The Wreck of a Perfect Idea

Aimee Bender is one of my favorite writers ever. Her stories were foundational in my education as a writer, particularly “The Rememberer”—about a slow motion breakup between a woman and her boyfriend, who is experiencing “a reverse evolution” from human to ape and so on. Her stories are casually strange and deeply humanistic, exploring themes of cruelty, hope and self-actualization, and for all their prose they often feel like works of poetry: thoughtful, elegant, crystalline.

She has a new essay on Lithub tackling the idea of “writing without a plan” and quoting a great line from Iris Murdoch, “Every book is the wreck of a perfect idea.”

Not just some books. Every book.

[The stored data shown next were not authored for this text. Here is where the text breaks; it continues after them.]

definition K_LinfL2 :: "'a measure \<Rightarrow> real \<Rightarrow> ('a \<Rightarrow> real) \<Rightarrow> real" where
  "K_LinfL2 M t f = Inf {Linf_norm M f0 + t * L2_norm M f1 | f0 f1.
      f0 \<in> Linf M \<and> f1 \<in> L2 M \<and> (AE \<omega> in M. f \<omega> = f0 \<omega> + f1 \<omega>)}"

definition l12_K_closed_representable_in_LinfL2 :: "'a measure \<Rightarrow> bool" where
  "l12_K_closed_representable_in_LinfL2 M \<longleftrightarrow>
    (\<exists>T :: (nat \<Rightarrow> real) \<Rightarrow> ('a \<Rightarrow> real). \<exists>C > 0.
       \<comment> \<open>T maps X0 + X1 into Y0 + Y1\<close>
       (\<forall>x\<in>l12_sum. T x \<in> LinfL2_sum M) \<and>
       \<comment> \<open>T is linear (as a map into a.e.-classes)\<close>
       (\<forall>x\<in>l12_sum. \<forall>y\<in>l12_sum. \<forall>a b :: real.
          AE \<omega> in M. T (\<lambda>i. a * x i + b * y i) \<omega> = a * T x \<omega> + b * T y \<omega>) \<and>
       \<comment> \<open>T is injective (as a map into a.e.-classes)\<close>
       (\<forall>x\<in>l12_sum. \<forall>y\<in>l12_sum. (AE \<omega> in M. T x \<omega> = T y \<omega>) \<longrightarrow> x = y) \<and>
       \<comment> \<open>T is bounded from l1 into L_infty\<close>
       (\<exists>B. \<forall>x\<in>l1. T x \<in> Linf M \<and> Linf_norm M (T x) \<le> B * l1_norm x) \<and>
       \<comment> \<open>T is bounded from l2 into L_2\<close>
       (\<exists>B. \<forall>x\<in>l2. T x \<in> L2 M \<and> L2_norm M (T x) \<le> B * l2_norm x) \<and>
       \<comment> \<open>two-sided K-functional estimate\<close>
       (\<forall>x\<in>l12_sum. \<forall>t>0.
          K_l12 t x / C \<le> K_LinfL2 M t (T x) \<and> K_LinfL2 M t (T x) \<le> C * K_l12 t x))"

end

theory Submission
  imports Defs
begin

(* Suppose T represents (l1, l2) in (L_infty, L_2) with constant C.  Boundedness from l1 into
   L_infty makes the images f_i = T e_i of the unit vectors uniformly bounded by some D.  For a
   sign pattern on N coordinates the sequence x = (+-1, ..., +-1, 0, ...) has
   K(sqrt N, x; l1, l2) >= N by Cauchy-Schwarz, so phi = T x = sum (+-f_i) has
   K(sqrt N, phi; L_infty, L_2) >= N / C.  Cutting phi at height N / (2 C) into a bounded part and
   a tail, whose L_2 norm is controlled by the fourth moment, forces E phi^4 >= N^3 / (16 C^4).
   But averaged over all 2^N sign patterns, the fourth-moment Khintchine inequality bounds
   E phi^4 by 3 N^2 D^4, which is impossible once N > 48 C^4 D^4. *)

section \<open>Fourth moments of random sign sums\<close>

(* A sign pattern on I is the set A of coordinates carrying +1, so a sum over Pow I is 2 ^ card I
   times the expectation over independent uniform random signs. *)
definition sign_vec :: "'i set \<Rightarrow> 'i \<Rightarrow> real" where
  "sign_vec A i = (if i \<in> A then 1 else -1)"
lemma psd_square_root_exists:
  fixes A :: "complex^'n^'n"
  assumes psd: "psd A"
  obtains B where "psd B" "B ** B = A"
proof -
  have "hermitian A"
    using psd by (simp add: psd_def)
  then obtain U :: "complex^'n^'n" and \<mu> :: "'n \<Rightarrow> real"
    where UU: "cadj U ** U = mat 1" and A: "A = U ** diag (\<lambda>i. of_real (\<mu> i)) ** cadj U"
    by (rule hermitian_unitary_diagonalization)
  have "cadj U ** A ** U = (cadj U ** U) ** diag (\<lambda>i. of_real (\<mu> i)) ** (cadj U ** U)"
    by (simp only: A matrix_mul_assoc)
  then have "cadj U ** (A ** U) = diag (\<lambda>i. of_real (\<mu> i))"
    by (simp add: UU matrix_mul_assoc)
  then have eigenvalue: "of_real (\<mu> i) = cinner (column i U) (A *v column i U)" for i
    using cadj_matrix_mult_component[of U "A ** U" i i] by (simp add: column_matrix_mult diag_def)
  have "0 \<le> \<mu> i" for i
  proof -
    have "0 \<le> Re (cinner (column i U) (A *v column i U))"
      using psd by (simp add: psd_def)
    then show ?thesis
      by (simp flip: eigenvalue)
  qed
  define B where "B = U ** diag (\<lambda>i. of_real (sqrt (\<mu> i))) ** cadj U"
  have "B ** B = U ** diag (\<lambda>i. of_real (sqrt (\<mu> i)) * of_real (sqrt (\<mu> i))) ** cadj U"
    by (simp only: B_def unitary_congruence_mult[OF UU] diag_mult)
  also have "(\<lambda>i. of_real (sqrt (\<mu> i)) * of_real (sqrt (\<mu> i))) = (\<lambda>i. of_real (\<mu> i) :: complex)"
    using \<open>\<And>i. 0 \<le> \<mu> i\<close> by (simp flip: of_real_mult)
  finally have "B ** B = A"
    by (simp only: A)
  moreover have "psd B"
    unfolding B_def by (rule psd_diag_congruence) (simp add: \<open>\<And>i. 0 \<le> \<mu> i\<close>)
  ultimately show thesis
    using that by blast
qed

lemma msqrt_eq: "psd B \<Longrightarrow> B ** B = A \<Longrightarrow> msqrt A = B"
  unfolding msqrt_def by (rule the_equality) (auto intro: psd_square_root_unique)

lemma
  fixes A :: "complex^'n^'n"
  assumes "psd A"
  shows psd_msqrt: "psd (msqrt A)" and msqrt_square: "msqrt A ** msqrt A = A"
proof -
  obtain B where "psd B" "B ** B = A"
    using psd_square_root_exists[OF assms] .
  moreover from this have "msqrt A = B"
    by (rule msqrt_eq)
  ultimately show "psd (msqrt A)" "msqrt A ** msqrt A = A"
    by simp_all
qed

lemma posdef_imp_psd:
  assumes "posdef A"
  shows "psd A"
  unfolding psd_def
proof (intro conjI allI)
  show "hermitian A"
    using assms by (simp add: posdef_def)
  show "0 \<le> Re (cinner x (A *v x))" for x
    using assms by (cases "x = 0") (auto simp: posdef_def cinner_def intro: less_imp_le)
qed
(* Let $S$ be a finite set of size $n$ and let $\mathcal{Y}$ be the set of all pairs $(+,* )$ of binary operations on $S$ such that $(S,+,* )$ is a ring. Then there exists a query-algorithm with respect to $\mathcal{Y}$, in which each query asks either for $x+y$ or for $x*y$ for a chosen pair $(x,y)\in S^2$, which recovers both operations (i.e. distinct elements of $\mathcal{Y}$ lead to distinct leaves and each leaf corresponds to exactly one element of $\mathcal{Y}$) and uses at most \[n+(\log_2 n)^2\] queries for every $(+,* )\in\mathcal{Y}$.
   Context: A query-algorithm for a set $\mathcal{Y}$ of pairs $(+,* )$ of binary operations on a finite set $S$ is a rooted tree whose non-leaf nodes $v$ are labeled by a query of the form "$x_v+y_v$" or "$x_v*y_v$" with $(x_v,y_v)\in S^2$, whose leaves are unlabeled, and whose edges from a node to its children are labeled by pairwise distinct elements of $S$ (possible answers); for every $(+,* )\in\mathcal{Y}$ there must be a root-to-leaf path in which each edge leaving a node $v$ is labeled with the true value of the query at $v$ under $(+,* )$. This leaf $L(+,* )$ is unique, and the algorithm solves product-recovering if $L$ is a bijection from $\mathcal{Y}$ to the set of leaves. The number of queries used on $(+,* )$ is the depth of $L(+,* )$. *)

theory Defs
  imports Complex_Main "HOL-Algebra.Ring"
begin

text \<open>Query-algorithms. A node asks either x+y (flag True) or x*y (flag False);
  its children are given by a partial map from answers (pairwise distinct
  elements of S) to subtrees.\<close>

datatype 'a qtree = Leaf | Query bool 'a 'a "'a \<Rightarrow> 'a qtree option"

type_synonym 'a ops = "('a \<Rightarrow> 'a \<Rightarrow> 'a) \<times> ('a \<Rightarrow> 'a \<Rightarrow> 'a)"

definition answer :: "bool \<Rightarrow> 'a \<Rightarrow> 'a \<Rightarrow> 'a ops \<Rightarrow> 'a" where
  "answer b x y opr = (if b then fst opr x y else snd opr x y)"

text \<open>Leaves are identified with the (unique) sequence of edge labels from the root.\<close>
inductive leaf_path :: "'a qtree \<Rightarrow> 'a list \<Rightarrow> bool" where
  "leaf_path Leaf []"
| "ch v = Some t \<Longrightarrow> leaf_path t ps \<Longrightarrow> leaf_path (Query b x y ch) (v # ps)"

inductive reaches :: "'a qtree \<Rightarrow> 'a ops \<Rightarrow> 'a list \<Rightarrow> bool" where
  "reaches Leaf opr []"
| "ch (answer b x y opr) = Some t \<Longrightarrow> reaches t opr ps \<Longrightarrow>
     reaches (Query b x y ch) opr (answer b x y opr # ps)"

definition leaf_of :: "'a qtree \<Rightarrow> 'a ops \<Rightarrow> 'a list" where
  "leaf_of T opr = (THE ps. reaches T opr ps)"

definition product_recovering :: "'a qtree \<Rightarrow> 'a ops set \<Rightarrow> bool" where
  "product_recovering T Y \<longleftrightarrow>
     (\<forall>opr\<in>Y. \<exists>ps. reaches T opr ps) \<and>
     bij_betw (leaf_of T) Y {ps. leaf_path T ps}"

definition queries_used :: "'a qtree \<Rightarrow> 'a ops \<Rightarrow> nat" where
  "queries_used T opr = length (leaf_of T opr)"

text \<open>All pairs (+,*) of binary operations on the whole (finite) type making it a
  ring (associative, with identity) in the sense of HOL-Algebra.\<close>
definition ring_ops :: "'a ops set" where
  "ring_ops = {(p, m). \<exists>z u. ring \<lparr>carrier = UNIV, mult = m, one = u, zero = z, add = p\<rparr>}"

end

theory Submission
  imports Defs
begin

text \<open>
  We unfold an explicit adaptive strategy into a query tree.  The strategy first learns the
  additive group with about \<open>n\<close> addition queries: it follows the multiples \<open>g, 2\<cdot>g, \<dots>\<close> of an
  arbitrary element until they return, which reveals zero and a cyclic subgroup, and then
  repeatedly enlarges a known subgroup \<open>H\<close> by listing the cosets \<open>H + g, H + 2\<cdot>g, \<dots>\<close> of an
  element \<open>g \<notin> H\<close>, one new element per query, until they return into \<open>H\<close>.  Every new
  subgroup is at least twice as big, so at most \<open>log\<^sub>2 n\<close> generators are needed, and the
  strategy finally asks the \<open>(log\<^sub>2 n)\<^sup>2\<close> products of pairs of generators, which determine
  the multiplication by distributivity.
\<close>

subsection \<open>From an adaptive strategy to a query tree\<close>

text \<open>An adaptive strategy is given by a state space, a function \<open>Q\<close> choosing the next
  query in a state (\<open>None\<close> = stop) and a function \<open>U\<close> updating the state with the answer.\<close>

fun strategy_tree :: "('s \<Rightarrow> (bool \<times> 'a \<times> 'a) option) \<Rightarrow> ('s \<Rightarrow> 'a \<Rightarrow> 's) \<Rightarrow> nat \<Rightarrow> 's
    \<Rightarrow> 'a ops set \<Rightarrow> 'a qtree" where
  "strategy_tree Q U 0 s Y = Leaf"
| "strategy_tree Q U (Suc F) s Y = (case Q s of None \<Rightarrow> Leaf | Some (b, x, y) \<Rightarrow>
     Query b x y (\<lambda>v. if v \<in> answer b x y ` Y
        then Some (strategy_tree Q U F (U s v) {r\<in>Y. answer b x y r = v}) else None))"

fun strategy_path :: "('s \<Rightarrow> (bool \<times> 'a \<times> 'a) option) \<Rightarrow> ('s \<Rightarrow> 'a \<Rightarrow> 's) \<Rightarrow> nat \<Rightarrow> 's
    \<Rightarrow> 'a ops \<Rightarrow> 'a list" where
  "strategy_path Q U 0 s r = []"
| "strategy_path Q U (Suc F) s r = (case Q s of None \<Rightarrow> [] | Some (b, x, y) \<Rightarrow>
     answer b x y r # strategy_path Q U F (U s (answer b x y r)) r)"

fun strategy_end :: "('s \<Rightarrow> (bool \<times> 'a \<times> 'a) option) \<Rightarrow> ('s \<Rightarrow> 'a \<Rightarrow> 's) \<Rightarrow> nat \<Rightarrow> 's
    \<Rightarrow> 'a ops \<Rightarrow> 's" where
  "strategy_end Q U 0 s r = s"
| "strategy_end Q U (Suc F) s r = (case Q s of None \<Rightarrow> s | Some (b, x, y) \<Rightarrow>
     strategy_end Q U F (U s (answer b x y r)) r)"

lemma reaches_unique: "reaches T r ps \<Longrightarrow> reaches T r ps' \<Longrightarrow> ps = ps'"
proof (induction arbitrary: ps' rule: reaches.induct)
  case (1 opr) then show ?case by (auto elim: reaches.cases)
next
  case (2 ch b x y opr t ps)
  from 2(4) show ?case by (cases rule: reaches.cases) (use 2 in auto)
qed

lemma reaches_leaf_path: "reaches T r ps \<Longrightarrow> leaf_path T ps"
  by (induction rule: reaches.induct) (auto intro: leaf_path.intros)

lemma leaf_of_eq: "reaches T r ps \<Longrightarrow> leaf_of T r = ps"
  unfolding leaf_of_def using reaches_unique by blast

lemma strategy_tree_reaches:
  "r \<in> Y \<Longrightarrow> reaches (strategy_tree Q U F s Y) r (strategy_path Q U F s r)"
proof (induction F arbitrary: s Y)
  case 0 then show ?case by (simp add: reaches.intros)
next
  case (Suc F)
  show ?case
  proof (cases "Q s")
    case (Some q)
    moreover obtain b x y where "q = (b, x, y)" by (cases q)
    moreover have "reaches (strategy_tree Q U F (U s (answer b x y r)) {r'\<in>Y. answer b x y r' = answer b x y r})
        r (strategy_path Q U F (U s (answer b x y r)) r)" using Suc by auto
    ultimately show ?thesis using Suc.prems by (auto intro!: reaches.intros(2))
  qed (simp add: reaches.intros)
qed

And by extension, every piece of art.

…But there is a very important implication worth examining that is tucked inside his statement, upon which it rests: if the thing on the page does not match the thing in the mind, then there must be an actual thing in the mind that is perfect and whole. What appears the page, then, is just a weak, disappointing copy.

But is there any such thing in the mind? Is it even a thing?

It’s a thought worth mulling over. I’m working on a book right now and I’m struggling with plans and failsafes and perfect structures that I’ve laid out in a spreadsheet, a kind of notional scaffolding which has (worryingly) begun to bend and crack under the weight of reality. And I’m only 10% done with pages.

My limitations as a cartoonist, my lack of time, the limits of my resources—all of these things have begun to put pressure on my perfect plans, and every page that comes out feels malformed, taunting me to double-back.

Aimee seems to have gone through something similar:

Soon after that lunch, I felt myself struggling with a novel that I later drawered (and later than that, pillaged). I wrote a sign on a piece of printer paper with a Sharpie and stuck it above my computer that said: There is no book in your mind.

What I wanted to tell myself, and to tell John, and what I would learn in the future from Iris Murdoch, was just that: There isn’t necessarily a perfect image or story or moment you are transmitting to the page. I kept trying to force that novel into a shape I had imagined for it, and it simply didn’t work.

I love that thought: “If there is no book in my mind, then the only way I can find a book is by writing it.”

Read the full essay HERE.

Blogging this now as a reminder. I’m going to MoCCA Arts Fest today to buy rare euro comics and minicomic treasures for inspiration, but it’s back to the salt mines in the morning. Happy Saturday!